LDC  __gshared versus TLS time is a bit better than DMD.

$ dmd -O timetls.d 
$ ./timetls 
--------------------------------------------------
run 1 (loopcount 10000000)
  TLS   : 93 milliseconds
  Shared: 6 milliseconds
run 2 (loopcount 10000000)
  TLS   : 91 milliseconds
  Shared: 6 milliseconds
run 3 (loopcount 10000000)
  TLS   : 92 milliseconds
  Shared: 4 milliseconds

$ ldmd2 -O3 timetls.d 
$ ./timetls 
--------------------------------------------------
run 1 (loopcount 10000000)
  TLS   : 21 milliseconds
  Shared: 3 milliseconds
run 2 (loopcount 10000000)
  TLS   : 22 milliseconds
  Shared: 5 milliseconds
run 3 (loopcount 10000000)
  TLS   : 20 milliseconds
  Shared: 3 milliseconds

Feb 18 2015

"Jonathan Marler" <johnnymarler gmail.com> writes:

On Wednesday, 18 February 2015 at 17:03:38 UTC, Dan Olson wrote:
 LDC  __gshared versus TLS time is a bit better than DMD.

 $ dmd -O timetls.d
 $ ./timetls
 --------------------------------------------------
 run 1 (loopcount 10000000)
   TLS   : 93 milliseconds
   Shared: 6 milliseconds
 run 2 (loopcount 10000000)
   TLS   : 91 milliseconds
   Shared: 6 milliseconds
 run 3 (loopcount 10000000)
   TLS   : 92 milliseconds
   Shared: 4 milliseconds

 $ ldmd2 -O3 timetls.d
 $ ./timetls
 --------------------------------------------------
 run 1 (loopcount 10000000)
   TLS   : 21 milliseconds
   Shared: 3 milliseconds
 run 2 (loopcount 10000000)
   TLS   : 22 milliseconds
   Shared: 5 milliseconds
 run 3 (loopcount 10000000)
   TLS   : 20 milliseconds
   Shared: 3 milliseconds

That's quite a bit better.  If I run this using DMD on windows I 
get almost the same performance:

dmd test.d
--------------------------------------------------
run 1 (loopcount 10000000)
   TLS   : 28 milliseconds
   Shared: 25 milliseconds
run 2 (loopcount 10000000)
   TLS   : 28 milliseconds
   Shared: 25 milliseconds
run 3 (loopcount 10000000)
   TLS   : 27 milliseconds
   Shared: 25 milliseconds

If I turn on optimization they both take 7 milliseconds.

Feb 18 2015

"Ola Fosheim =?UTF-8?B?R3LDuHN0YWQi?= writes:

On Wednesday, 18 February 2015 at 20:05:58 UTC, Jonathan Marler 
wrote:
 If I turn on optimization they both take 7 milliseconds.
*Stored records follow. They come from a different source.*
lemma double_sum_ge_Max_plus_triangular:
  assumes "finite A" and "0 \<notin> A" and "A \<noteq> {}"
  shows "2 * Max A + card A * (card A - 1) \<le> 2 * \<Sum>A"
proof -
  have "Max A \<in> A"
    using assms by simp
  then have "\<Sum>A = Max A + \<Sum>(A - {Max A})" and "card (A - {Max A}) = card A - 1"
    using assms(1) by (simp_all add: sum.remove)
  moreover have "card (A - {Max A}) * (card (A - {Max A}) + 1) \<le> 2 * \<Sum>(A - {Max A})"
    using assms by (intro triangular_le_sum) auto
  moreover have "card A \<ge> 1"
    using assms by (simp add: Suc_le_eq card_gt_0_iff)
  ultimately show ?thesis
    by (simp add: algebra_simps)
qed

lemma card_add_card_missing_parts:
  assumes "finite lam" and "0 \<notin> lam"
  shows "card lam + card (missing_parts lam) = Max lam"
proof -
  have "lam \<subseteq> {1..Max lam}"
    using assms by (auto simp: Suc_le_eq intro: gr0I)
  then show ?thesis
    using card_mono[of "{1..Max lam}" lam] by (simp add: missing_parts_def card_Diff_subset assms(1))
qed

lemma card_missing_parts_le_half:
  assumes "finite lam" and "lam \<noteq> {}" and "\<not> refinable lam"
  shows "card (missing_parts lam) \<le> Max lam div 2"
proof -
  define L where "L = Max lam"
  have "L \<in> lam"
    using assms(1,2) by (simp add: L_def)
  have missing: "1 \<le> x \<and> x < L" if "x \<in> missing_parts lam" for x
    using that \<open>L \<in> lam\<close> by (auto simp: missing_parts_def L_def order.order_iff_strict)
  \<comment> \<open>Since \<open>L\<close> is a part, each pair \<open>{x, L - x}\<close> contains at most one missing part.\<close>
  define rep where "rep x = min x (L - x)" for x
  have "inj_on rep (missing_parts lam)"
  proof (rule inj_onI)
    fix x y
    assume xy: "x \<in> missing_parts lam" "y \<in> missing_parts lam" "rep x = rep y"
    show "x = y"
    proof (rule ccontr)
      assume "x \<noteq> y"
      with xy missing have "x + y = L"
        by (force simp: rep_def min_def split: if_splits)
      with xy \<open>x \<noteq> y\<close> \<open>L \<in> lam\<close> assms(3) show False
        by (auto simp: refinable_def)
    qed
  qed
  moreover have "rep x \<in> {1..L div 2}" if "x \<in> missing_parts lam" for x
    using missing[OF that] by (auto simp: rep_def min_def)
  ultimately have "card (missing_parts lam) \<le> card {1..L div 2}"
    by (intro card_inj_on_le) auto
  then show ?thesis
    by (simp add: L_def)
qed

lemma distinct_partition_double_sum_ge:
  assumes "distinct_partition N lam"
  shows "2 * Max lam + card lam * (card lam - 1) \<le> 2 * N"
proof -
  have "lam \<noteq> {}"
    using assms by (auto simp: distinct_partition_def)
  with assms show ?thesis
    using double_sum_ge_Max_plus_triangular[of lam] by (simp add: distinct_partition_def)
qed

lemma unrefinable_card_ge:
  assumes "distinct_partition N lam" and "\<not> refinable lam"
  shows "Max lam - Max lam div 2 \<le> card lam"
  using assms card_add_card_missing_parts[of lam] card_missing_parts_le_half[of lam]
  by (fastforce simp: distinct_partition_def)

lemma double_Tnd:
  assumes "2 * k \<le> n" and "2 \<le> n"
  shows "2 * Tnd n (n - 2 * k + 1) + 2 = n * (n - 1) + 4 * k"
proof -
  obtain p where n: "n = p + 2"
    using assms(2) by (intro that[of "n - 2"]) simp
  have "2 * T n = n * (n + 1)"
    by (simp add: T_def)
  then show ?thesis
    using assms(1) by (simp add: Tnd_def n algebra_simps)
qed

lemma Max_unrefinable_parts_le:
  assumes "2 * k + 2 \<le> n" and "lam \<in> unrefinable_parts (Tnd n (n - 2 * k + 1))"
  shows "Max lam \<le> 2 * n - 4"
proof (rule ccontr)
  define N where "N = Tnd n (n - 2 * k + 1)"
  obtain p where n: "n = p + 2"
    using assms(1) by (intro that[of "n - 2"]) simp
  assume "\<not> Max lam \<le> 2 * n - 4"
  then have large: "2 * n - 3 \<le> Max lam"
    by simp
  have part: "distinct_partition N lam" and "\<not> refinable lam"
    using assms(2) by (auto simp: unrefinable_parts_def N_def)
  then have "Max lam - Max lam div 2 \<le> card lam"
    by (rule unrefinable_card_ge)
  then have "n - 1 \<le> card lam"
    using large by linarith
  then have "(n - 1) * (n - 2) \<le> card lam * (card lam - 1)"
    by (intro mult_le_mono) auto
  with distinct_partition_double_sum_ge[OF part]
  have "2 * Max lam + (n - 1) * (n - 2) \<le> 2 * N"
    by linarith
  moreover have "2 * N + 2 = n * (n - 1) + 4 * k"
    unfolding N_def using assms(1) by (intro double_Tnd) auto
  ultimately show False
    using large assms(1) by (simp add: n algebra_simps)
qed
You cannot benchmark it like this. To make it more realistic you 
should use multiple compilation units, add fences and cache 
invalidation.

Feb 19 2015

Dan Olson <zans.is.for.cans yahoo.com> writes:

"Ola Fosheim "Grøstad\"" <ola.fosheim.grostad+dlang gmail.com> writes:

 On Wednesday, 18 February 2015 at 20:05:58 UTC, Jonathan Marler wrote:
 If I turn on optimization they both take 7 milliseconds.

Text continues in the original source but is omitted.